In order to fulfill planned tasks, that are completely assigned with resources and transport workers the transport task appears in a task list or similar and waits for execution by the sub module execution 22. A message with detailed task information can be sent via input/output devices 24. The message can be an email or a short message wirelessly transmitted to a handheld device or similar. Thus, the sub module for task execution 22 can trigger the physical execution of a planned task. If necessary, a task can be interrupted, deleted or shifted by an operator. After a task has been finished or interrupted, a feedback to the task planning module 16 enables the seamless succession of the next tasks.
Besides planning and executing tasks the transport management module 12 is able to report the planning and execution progress of tasks to task planners and customers. This is concluded by a reporting application 26, that is able to print and display documentation and analysis about task planning and execution progress for information purposes.
Some further modules can be integrated into the system according to the present invention. These may be a vehicle management module 28 that deals with availability, integrity, capacities and capabilities of vehicles and their locations, if not already defines by the transport management module 12. Also, an employee management module 30 can be integrated that is able to provide information about employee availabilities, absences and locations as well as general shift plans, if not provided by the transport management module 12. Various other modules are possible for effectively intermesh the system according to the present invention with already existing company networks, databases, interfaces or other systems and tools for production planning
In order to optimise the system, interaction between the above mentioned modules is necessary. Interactions between modules are depicted by dashed lines in FIG. 1. As can be seen, the resources management 14 e.g. interacts with the area catalogue 10, with the parts catalogue 4 and with the employee management module 30. This enables the resources management 14 to allocate parts to areas and to find out the availability of needed transport workers. Further, the task planning application 16 may interact with the vehicle management module 28 to find out the availability of transport vehicles and to allocate a certain vehicle to a certain transport task. It is clear that the interacting of the resources management application 14, the planning application 16 and the task execution 22 within the module transport management 14 is mandatory. Furthermore, all above described modules can interact with a global manufacturing time table 32 which indicates the planned completion of the products, for example. Lastly, the interaction between modules can be further optimised in providing a plausibility check wherever possible. As an example, if a transport vehicle should be allocated to two different tasks at the same time due to an error, a plausibility check will discover a need for changing the allocation.
FIG. 2 is addressed to the general technical architecture of the system according to the present invention.

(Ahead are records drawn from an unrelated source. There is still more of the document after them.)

lemma symmetric_matrix_eq_0_if_form_vanishes_on_sphere:
  fixes D :: "real^'n^'n"
  assumes sym: "transpose D = D" and zero: "\<And>w. norm w = 1 \<Longrightarrow> w \<bullet> (D *v w) = 0"
  shows "D = 0"
proof -
  have form_0: "w \<bullet> (D *v w) = 0" for w
  proof (cases "w = 0")
    case False
    have "w = norm w *\<^sub>R sgn w" using False by (simp add: sgn_div_norm)
    then have "w \<bullet> (D *v w) = (norm w)\<^sup>2 * (sgn w \<bullet> (D *v sgn w))"
      by (metis inner_scaleR_left inner_scaleR_right matrix_vector_mult_scaleR mult.assoc
          power2_eq_square)
    then show ?thesis using False zero[of "sgn w"] by (simp add: norm_sgn)
  qed simp
  have entry: "axis a 1 \<bullet> (D *v axis b 1) = D $ a $ b" for a b
    by (simp add: matrix_vector_mult_basis inner_axis' column_def)
  have "D $ a $ b = 0" for a b
  proof -
    have "D $ a $ b = D $ b $ a" using sym by (metis transpose_def vec_lambda_beta)
    moreover have "(axis a 1 + axis b 1) \<bullet> (D *v (axis a 1 + axis b 1)) = 0" by (rule form_0)
    ultimately show ?thesis
      using form_0[of "axis a 1"] form_0[of "axis b 1"]
      by (simp add: matrix_vector_right_distrib inner_add_left inner_add_right entry)
  qed
  then show ?thesis by (simp add: vec_eq_iff)
qed

definition polarization_matrix :: "(real^'n \<Rightarrow> real) \<Rightarrow> real^'n^'n" where
  "polarization_matrix f = (\<chi> a b. (f (axis a 1 + axis b 1) - f (axis a 1) - f (axis b 1)) / 2)"

lemma transpose_polarization_matrix: "transpose (polarization_matrix f) = polarization_matrix f"
  unfolding polarization_matrix_def transpose_def by (simp add: vec_eq_iff add.commute)

lemma norm_quat_rot_mult_sq: "(norm (quat_rot w *v x))\<^sup>2 = (w \<bullet> w)\<^sup>2 * (norm x)\<^sup>2"
  unfolding quat_rot_def rot_entry_def power2_norm_eq_inner inner_vec_def matrix_vector_mult_def
  by (simp add: sum_3 sum_4 Let_def power2_eq_square algebra_simps)

(* ||y - R(w) x||^2 = ||y||^2 - 2 y.R(w)x + ||x||^2 on the sphere, made homogeneous of degree 2
   in w by the factor w.w. *)
definition residual_form :: "real^3 \<Rightarrow> real^3 \<Rightarrow> real^4 \<Rightarrow> real" where
  "residual_form y x w = ((norm y)\<^sup>2 + (norm x)\<^sup>2) * (w \<bullet> w) - 2 * (y \<bullet> (quat_rot w *v x))"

The core piece of the system is a server 34 that processes requests and handles communication between requesting customers, task planners and transport workers. The server 34 can also be realised as a group of servers communicating with each other and share their processing workload. The server 34 preferably has an operating system installed that enables the server 34 to run a programme or a framework system that allows several interacting and customisable programme modules to be executed in parallel.
The server 34 is connected to a network 36 which can be realised by a protocol such as TCP/IP which is commonly used in company internal networks for a broad variety of applications. Network 36 can also be a main internal network of the company, therefore there is no extra cost for building up a completely new network.
Integrated into the server 34 by computer programmes are the part management module 2, the area management module 8 and the transport management module 12. Communicating with the or integrated into the server 34 is a database 38 or a group of databases 38 that store and output information about the zones in the factory area, the parts for the manufacturing of the product, shift plans, timetables etc. for manufacturing the product.
Further connected to network 36 are several end-user workstations 40, further also referred to as clients or client units 40. Besides that, devices for wireless data transfer or wireless communication 42, such as WLAN access devices or DECT data transfer devices, are attached to the network 36. With these, it is possible for transport planners or workers to communicate via handheld devices 44, such as PDAs, DECT telephones or other with the server 34 in order to send and receive transport instructions or send or receive transport task failure, progress or completion reports.
FIG. 3 describes the whole process from requesting a part by a customer until completion of the work task in detail. In FIG. 3 the horizontal axis is time, thus the further method or process steps are oriented towards the right side, the later they take place. The upper half of FIG. 3 is dedicated to customers whereas the lower half is dedicated to the transport team.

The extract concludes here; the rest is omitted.